*Data under study:*
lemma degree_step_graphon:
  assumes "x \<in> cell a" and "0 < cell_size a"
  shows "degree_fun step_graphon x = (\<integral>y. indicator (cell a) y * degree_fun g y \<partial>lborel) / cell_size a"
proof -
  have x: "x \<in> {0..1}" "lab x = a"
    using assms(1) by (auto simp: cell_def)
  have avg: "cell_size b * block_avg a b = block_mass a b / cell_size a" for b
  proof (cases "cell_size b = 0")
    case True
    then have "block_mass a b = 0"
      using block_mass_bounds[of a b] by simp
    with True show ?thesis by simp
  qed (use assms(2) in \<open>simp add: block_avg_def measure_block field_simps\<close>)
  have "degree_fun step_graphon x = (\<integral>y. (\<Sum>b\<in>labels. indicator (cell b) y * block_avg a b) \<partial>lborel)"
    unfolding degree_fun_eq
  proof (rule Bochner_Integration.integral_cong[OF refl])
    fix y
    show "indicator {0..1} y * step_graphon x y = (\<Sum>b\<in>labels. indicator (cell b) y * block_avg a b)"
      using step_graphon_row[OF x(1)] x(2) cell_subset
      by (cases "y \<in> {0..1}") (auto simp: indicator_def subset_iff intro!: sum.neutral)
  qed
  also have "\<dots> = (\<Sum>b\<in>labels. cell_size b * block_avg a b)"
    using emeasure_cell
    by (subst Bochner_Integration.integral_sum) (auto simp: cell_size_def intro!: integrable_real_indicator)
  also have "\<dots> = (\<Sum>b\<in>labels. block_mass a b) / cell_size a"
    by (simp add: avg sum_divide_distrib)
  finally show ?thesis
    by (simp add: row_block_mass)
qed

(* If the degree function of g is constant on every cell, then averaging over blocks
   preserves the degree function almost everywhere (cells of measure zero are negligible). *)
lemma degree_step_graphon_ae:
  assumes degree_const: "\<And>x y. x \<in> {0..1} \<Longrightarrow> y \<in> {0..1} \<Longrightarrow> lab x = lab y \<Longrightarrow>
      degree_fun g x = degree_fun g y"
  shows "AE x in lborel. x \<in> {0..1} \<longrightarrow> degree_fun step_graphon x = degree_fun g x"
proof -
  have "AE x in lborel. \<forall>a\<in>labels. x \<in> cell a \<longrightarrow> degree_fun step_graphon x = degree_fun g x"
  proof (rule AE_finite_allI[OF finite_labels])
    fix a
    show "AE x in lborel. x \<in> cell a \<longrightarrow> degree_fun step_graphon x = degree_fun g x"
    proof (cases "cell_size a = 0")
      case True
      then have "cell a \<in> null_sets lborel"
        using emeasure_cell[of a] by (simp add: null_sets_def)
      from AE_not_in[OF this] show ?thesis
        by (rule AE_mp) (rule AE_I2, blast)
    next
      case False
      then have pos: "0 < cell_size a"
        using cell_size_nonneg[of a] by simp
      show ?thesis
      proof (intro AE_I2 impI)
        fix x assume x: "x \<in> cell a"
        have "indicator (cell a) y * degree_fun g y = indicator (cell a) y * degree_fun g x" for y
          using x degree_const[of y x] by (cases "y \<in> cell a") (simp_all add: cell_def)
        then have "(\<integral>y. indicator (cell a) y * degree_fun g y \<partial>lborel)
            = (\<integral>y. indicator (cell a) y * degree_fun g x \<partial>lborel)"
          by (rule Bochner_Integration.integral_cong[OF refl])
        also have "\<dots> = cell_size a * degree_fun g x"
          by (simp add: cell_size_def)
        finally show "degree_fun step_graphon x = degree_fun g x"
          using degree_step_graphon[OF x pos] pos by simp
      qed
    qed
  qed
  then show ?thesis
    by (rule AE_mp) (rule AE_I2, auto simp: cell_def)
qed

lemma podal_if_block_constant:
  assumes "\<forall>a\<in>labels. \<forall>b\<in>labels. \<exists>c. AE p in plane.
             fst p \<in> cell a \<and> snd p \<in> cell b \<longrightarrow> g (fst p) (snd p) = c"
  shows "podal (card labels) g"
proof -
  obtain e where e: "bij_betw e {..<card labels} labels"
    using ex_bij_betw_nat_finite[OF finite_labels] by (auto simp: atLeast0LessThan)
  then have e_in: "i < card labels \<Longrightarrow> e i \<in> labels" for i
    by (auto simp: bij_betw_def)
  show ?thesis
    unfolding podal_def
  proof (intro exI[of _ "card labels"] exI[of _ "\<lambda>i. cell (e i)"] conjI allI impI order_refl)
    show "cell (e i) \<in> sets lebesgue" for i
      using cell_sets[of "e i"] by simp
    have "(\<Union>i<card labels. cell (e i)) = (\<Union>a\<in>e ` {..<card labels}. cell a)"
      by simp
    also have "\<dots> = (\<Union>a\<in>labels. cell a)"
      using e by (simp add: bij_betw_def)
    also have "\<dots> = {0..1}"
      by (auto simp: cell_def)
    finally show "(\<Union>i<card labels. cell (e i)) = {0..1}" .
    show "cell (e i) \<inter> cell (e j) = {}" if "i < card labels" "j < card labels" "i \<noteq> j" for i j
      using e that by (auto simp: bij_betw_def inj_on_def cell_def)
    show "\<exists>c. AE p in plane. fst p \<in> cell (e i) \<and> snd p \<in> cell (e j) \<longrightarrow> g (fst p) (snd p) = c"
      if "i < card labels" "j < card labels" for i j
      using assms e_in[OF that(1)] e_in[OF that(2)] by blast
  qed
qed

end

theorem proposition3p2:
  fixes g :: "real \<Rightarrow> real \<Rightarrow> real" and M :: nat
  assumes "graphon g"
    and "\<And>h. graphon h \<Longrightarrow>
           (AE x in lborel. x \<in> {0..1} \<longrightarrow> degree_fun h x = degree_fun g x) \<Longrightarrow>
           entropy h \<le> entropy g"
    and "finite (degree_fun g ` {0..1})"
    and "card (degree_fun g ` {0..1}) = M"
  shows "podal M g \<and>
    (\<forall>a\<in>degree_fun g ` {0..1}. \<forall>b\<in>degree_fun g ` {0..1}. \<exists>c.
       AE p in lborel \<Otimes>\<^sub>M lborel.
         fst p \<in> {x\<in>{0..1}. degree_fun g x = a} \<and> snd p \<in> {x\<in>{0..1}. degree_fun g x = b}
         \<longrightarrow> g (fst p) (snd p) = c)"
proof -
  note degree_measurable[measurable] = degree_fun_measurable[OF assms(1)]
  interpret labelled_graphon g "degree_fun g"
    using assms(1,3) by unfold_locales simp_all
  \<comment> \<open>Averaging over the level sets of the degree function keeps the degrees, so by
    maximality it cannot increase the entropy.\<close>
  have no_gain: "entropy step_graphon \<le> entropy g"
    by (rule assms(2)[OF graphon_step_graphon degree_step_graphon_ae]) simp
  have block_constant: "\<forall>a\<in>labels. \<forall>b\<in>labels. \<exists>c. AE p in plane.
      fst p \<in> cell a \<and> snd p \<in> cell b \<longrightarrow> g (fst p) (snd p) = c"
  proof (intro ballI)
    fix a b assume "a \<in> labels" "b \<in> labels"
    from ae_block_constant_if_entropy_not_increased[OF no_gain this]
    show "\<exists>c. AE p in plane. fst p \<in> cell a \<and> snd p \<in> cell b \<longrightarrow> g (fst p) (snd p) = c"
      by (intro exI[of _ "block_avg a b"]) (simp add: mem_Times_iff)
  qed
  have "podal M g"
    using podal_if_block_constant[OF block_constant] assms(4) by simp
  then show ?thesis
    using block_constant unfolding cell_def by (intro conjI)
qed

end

*Task item:*
Your reply should contain every entry, repeated exactly.

*Answer to this exercise:*
lemma degree_step_graphon:
  assumes "x \<in> cell a" and "0 < cell_size a"
  shows "degree_fun step_graphon x = (\<integral>y. indicator (cell a) y * degree_fun g y \<partial>lborel) / cell_size a"
proof -
  have x: "x \<in> {0..1}" "lab x = a"
    using assms(1) by (auto simp: cell_def)
  have avg: "cell_size b * block_avg a b = block_mass a b / cell_size a" for b
  proof (cases "cell_size b = 0")
    case True
    then have "block_mass a b = 0"
      using block_mass_bounds[of a b] by simp
    with True show ?thesis by simp
  qed (use assms(2) in \<open>simp add: block_avg_def measure_block field_simps\<close>)
  have "degree_fun step_graphon x = (\<integral>y. (\<Sum>b\<in>labels. indicator (cell b) y * block_avg a b) \<partial>lborel)"
    unfolding degree_fun_eq
  proof (rule Bochner_Integration.integral_cong[OF refl])
    fix y
    show "indicator {0..1} y * step_graphon x y = (\<Sum>b\<in>labels. indicator (cell b) y * block_avg a b)"
      using step_graphon_row[OF x(1)] x(2) cell_subset
      by (cases "y \<in> {0..1}") (auto simp: indicator_def subset_iff intro!: sum.neutral)
  qed
  also have "\<dots> = (\<Sum>b\<in>labels. cell_size b * block_avg a b)"
    using emeasure_cell
    by (subst Bochner_Integration.integral_sum) (auto simp: cell_size_def intro!: integrable_real_indicator)
  also have "\<dots> = (\<Sum>b\<in>labels. block_mass a b) / cell_size a"
    by (simp add: avg sum_divide_distrib)
  finally show ?thesis
    by (simp add: row_block_mass)
qed

(* If the degree function of g is constant on every cell, then averaging over blocks
   preserves the degree function almost everywhere (cells of measure zero are negligible). *)
lemma degree_step_graphon_ae:
  assumes degree_const: "\<And>x y. x \<in> {0..1} \<Longrightarrow> y \<in> {0..1} \<Longrightarrow> lab x = lab y \<Longrightarrow>
      degree_fun g x = degree_fun g y"
  shows "AE x in lborel. x \<in> {0..1} \<longrightarrow> degree_fun step_graphon x = degree_fun g x"
proof -
  have "AE x in lborel. \<forall>a\<in>labels. x \<in> cell a \<longrightarrow> degree_fun step_graphon x = degree_fun g x"
  proof (rule AE_finite_allI[OF finite_labels])
    fix a
    show "AE x in lborel. x \<in> cell a \<longrightarrow> degree_fun step_graphon x = degree_fun g x"
    proof (cases "cell_size a = 0")
      case True
      then have "cell a \<in> null_sets lborel"
        using emeasure_cell[of a] by (simp add: null_sets_def)
      from AE_not_in[OF this] show ?thesis
        by (rule AE_mp) (rule AE_I2, blast)
    next
      case False
      then have pos: "0 < cell_size a"
        using cell_size_nonneg[of a] by simp
      show ?thesis
      proof (intro AE_I2 impI)
        fix x assume x: "x \<in> cell a"
        have "indicator (cell a) y * degree_fun g y = indicator (cell a) y * degree_fun g x" for y
          using x degree_const[of y x] by (cases "y \<in> cell a") (simp_all add: cell_def)
        then have "(\<integral>y. indicator (cell a) y * degree_fun g y \<partial>lborel)
            = (\<integral>y. indicator (cell a) y * degree_fun g x \<partial>lborel)"
          by (rule Bochner_Integration.integral_cong[OF refl])
        also have "\<dots> = cell_size a * degree_fun g x"
          by (simp add: cell_size_def)
        finally show "degree_fun step_graphon x = degree_fun g x"
          using degree_step_graphon[OF x pos] pos by simp
      qed
    qed
  qed
  then show ?thesis
    by (rule AE_mp) (rule AE_I2, auto simp: cell_def)
qed

lemma podal_if_block_constant:
  assumes "\<forall>a\<in>labels. \<forall>b\<in>labels. \<exists>c. AE p in plane.
             fst p \<in> cell a \<and> snd p \<in> cell b \<longrightarrow> g (fst p) (snd p) = c"
  shows "podal (card labels) g"
proof -
  obtain e where e: "bij_betw e {..<card labels} labels"
    using ex_bij_betw_nat_finite[OF finite_labels] by (auto simp: atLeast0LessThan)
  then have e_in: "i < card labels \<Longrightarrow> e i \<in> labels" for i
    by (auto simp: bij_betw_def)
  show ?thesis
    unfolding podal_def
  proof (intro exI[of _ "card labels"] exI[of _ "\<lambda>i. cell (e i)"] conjI allI impI order_refl)
    show "cell (e i) \<in> sets lebesgue" for i
      using cell_sets[of "e i"] by simp
    have "(\<Union>i<card labels. cell (e i)) = (\<Union>a\<in>e ` {..<card labels}. cell a)"
      by simp
    also have "\<dots> = (\<Union>a\<in>labels. cell a)"
      using e by (simp add: bij_betw_def)
    also have "\<dots> = {0..1}"
      by (auto simp: cell_def)
    finally show "(\<Union>i<card labels. cell (e i)) = {0..1}" .
    show "cell (e i) \<inter> cell (e j) = {}" if "i < card labels" "j < card labels" "i \<noteq> j" for i j
      using e that by (auto simp: bij_betw_def inj_on_def cell_def)
    show "\<exists>c. AE p in plane. fst p \<in> cell (e i) \<and> snd p \<in> cell (e j) \<longrightarrow> g (fst p) (snd p) = c"
      if "i < card labels" "j < card labels" for i j
      using assms e_in[OF that(1)] e_in[OF that(2)] by blast
  qed
qed

end

theorem proposition3p2:
  fixes g :: "real \<Rightarrow> real \<Rightarrow> real" and M :: nat
  assumes "graphon g"
    and "\<And>h. graphon h \<Longrightarrow>
           (AE x in lborel. x \<in> {0..1} \<longrightarrow> degree_fun h x = degree_fun g x) \<Longrightarrow>
           entropy h \<le> entropy g"
    and "finite (degree_fun g ` {0..1})"
    and "card (degree_fun g ` {0..1}) = M"
  shows "podal M g \<and>
    (\<forall>a\<in>degree_fun g ` {0..1}. \<forall>b\<in>degree_fun g ` {0..1}. \<exists>c.
       AE p in lborel \<Otimes>\<^sub>M lborel.
         fst p \<in> {x\<in>{0..1}. degree_fun g x = a} \<and> snd p \<in> {x\<in>{0..1}. degree_fun g x = b}
         \<longrightarrow> g (fst p) (snd p) = c)"
proof -
  note degree_measurable[measurable] = degree_fun_measurable[OF assms(1)]
  interpret labelled_graphon g "degree_fun g"
    using assms(1,3) by unfold_locales simp_all
  \<comment> \<open>Averaging over the level sets of the degree function keeps the degrees, so by
    maximality it cannot increase the entropy.\<close>
  have no_gain: "entropy step_graphon \<le> entropy g"
    by (rule assms(2)[OF graphon_step_graphon degree_step_graphon_ae]) simp
  have block_constant: "\<forall>a\<in>labels. \<forall>b\<in>labels. \<exists>c. AE p in plane.
      fst p \<in> cell a \<and> snd p \<in> cell b \<longrightarrow> g (fst p) (snd p) = c"
  proof (intro ballI)
    fix a b assume "a \<in> labels" "b \<in> labels"
    from ae_block_constant_if_entropy_not_increased[OF no_gain this]
    show "\<exists>c. AE p in plane. fst p \<in> cell a \<and> snd p \<in> cell b \<longrightarrow> g (fst p) (snd p) = c"
      by (intro exI[of _ "block_avg a b"]) (simp add: mem_Times_iff)
  qed
  have "podal M g"
    using podal_if_block_constant[OF block_constant] assms(4) by simp
  then show ?thesis
    using block_constant unfolding cell_def by (intro conjI)
qed

end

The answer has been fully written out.